**What to do**
Scan the material below for lines with the word "dots" and report how many there are, with nothing added.

___ Input material ___

lemma
  assumes n: "n \<ge> 1" and b: "b > 0" and A: "A \<subseteq> {..<n}"
  shows integrable_dirichlet_sym_sum_central_moment4:
      "integrable (dirichlet_sym n b) (\<lambda>x. ((\<Sum>i\<in>A. x i) - real (card A) / real n) ^ 4)"
    and integral_dirichlet_sym_sum_central_moment4_le:
      "(\<integral>x. ((\<Sum>i\<in>A. x i) - real (card A) / real n) ^ 4 \<partial>dirichlet_sym n b) \<le> 2 / (real n * b)^2"
proof -
  interpret prob_space "dirichlet_sym n b"
    using prob_space_dirichlet_sym[OF n b] .
  define S where "S x = (\<Sum>i\<in>A. x i)" for x :: "nat \<Rightarrow> real"
  define a where "a = real (card A) * b"
  define s where "s = real n * b"
  define p where "p = a / s"
  define m where "m j = pochhammer a j / pochhammer s j" for j
  have s: "s > 0"
    using n b by (simp add: s_def)
  have a: "0 \<le> a" "a \<le> s"
    using b card_mono[OF _ A] by (auto simp: a_def s_def)
  have p: "p = real (card A) / real n"
    using b by (simp add: p_def a_def s_def)
  have moment_int: "integrable (dirichlet_sym n b) (\<lambda>x. S x ^ j)"
    and moment: "(\<integral>x. S x ^ j \<partial>dirichlet_sym n b) = m j" for j
    unfolding S_def m_def a_def s_def
    by (rule integrable_dirichlet_sym_sum_power[OF n b A], rule integral_dirichlet_sym_sum_power[OF n b A])
  have expand: "(S x - p)^4 = S x ^ 4 - 4 * p * S x ^ 3 + 6 * p^2 * S x ^ 2 - 4 * p^3 * S x ^ 1 + p^4" for x
    by (simp add: power2_eq_square power3_eq_cube power4_eq_xxxx algebra_simps)
  show "integrable (dirichlet_sym n b) (\<lambda>x. ((\<Sum>i\<in>A. x i) - real (card A) / real n) ^ 4)"
    unfolding S_def[symmetric] p[symmetric] expand using moment_int moment_int[of 1]
    by (simp add: integrable_diff integrable_add integrable_mult_right)
  have "(\<integral>x. (S x - p)^4 \<partial>dirichlet_sym n b) = m 4 - 4 * p * m 3 + 6 * p^2 * m 2 - 4 * p^3 * m 1 + p^4"
    unfolding expand using moment_int moment_int[of 1]
    by (simp add: moment[symmetric] integrable_diff integrable_add integrable_mult_right prob_space)
  also have "\<dots> = pochhammer a 4 / pochhammer s 4 - 4 * p * (pochhammer a 3 / pochhammer s 3)
                     + 6 * p^2 * (pochhammer a 2 / pochhammer s 2) - 3 * p^4"
    by (simp add: m_def p_def eval_nat_numeral algebra_simps)
  also have "\<dots> = 3 * a * (s - a) * (a * (s - a) * (s - 6) + 2 * s^2) / (s^4 * (s + 1) * (s + 2) * (s + 3))"
    unfolding p_def by (rule pochhammer_central_moment4[OF s])
  also have "\<dots> \<le> 2 / s^2"
    by (rule central_moment4_le[OF s a])
  finally show "(\<integral>x. ((\<Sum>i\<in>A. x i) - real (card A) / real n) ^ 4 \<partial>dirichlet_sym n b) \<le> 2 / (real n * b)^2"
    by (simp add: S_def p s_def)
qed

lemma measure_dirichlet_sym_sum_deviation:
  assumes n: "n \<ge> 1" and b: "b > 0" and A: "A \<subseteq> {..<n}" and \<delta>: "\<delta> > 0"
  shows "measure (dirichlet_sym n b)
           {x \<in> space (dirichlet_sym n b). \<delta> < \<bar>real (card A) / real n - (\<Sum>i\<in>A. x i)\<bar>}
         \<le> 2 / (\<delta>^4 * (real n * b)^2)"
proof -
  let ?D = "dirichlet_sym n b" and ?c = "\<lambda>x. (\<Sum>i\<in>A. x i) - real (card A) / real n"
  interpret prob_space ?D
    using prob_space_dirichlet_sym[OF n b] .
  have "{x \<in> space ?D. \<delta> < \<bar>real (card A) / real n - (\<Sum>i\<in>A. x i)\<bar>} \<subseteq> {x \<in> space ?D. \<delta>^4 \<le> ?c x ^ 4}"
  proof safe
    fix x assume "\<delta> < \<bar>real (card A) / real n - (\<Sum>i\<in>A. x i)\<bar>"
    then have "\<delta>^4 \<le> \<bar>?c x\<bar>^4"
      using \<delta> by (intro power_mono) auto
    then show "\<delta>^4 \<le> ?c x ^ 4"
      by (simp add: power_even_abs_numeral)
  qed
  then have "measure ?D {x \<in> space ?D. \<delta> < \<bar>real (card A) / real n - (\<Sum>i\<in>A. x i)\<bar>}
             \<le> measure ?D {x \<in> space ?D. \<delta>^4 \<le> ?c x ^ 4}"
    using A by (intro finite_measure_mono) (measurable, auto)
  also have "\<dots> \<le> (\<integral>x. ?c x ^ 4 \<partial>?D) / \<delta>^4"
    using integrable_dirichlet_sym_sum_central_moment4[OF n b A] \<delta>
    by (intro integral_Markov_inequality_measure[where A = "space ?D"]) auto
  also have "\<dots> \<le> 2 / (real n * b)^2 / \<delta>^4"
    using integral_dirichlet_sym_sum_central_moment4_le[OF n b A] \<delta> by (intro divide_right_mono) auto
  finally show ?thesis
    by (simp add: mult_ac)
qed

___

**Written solution**
5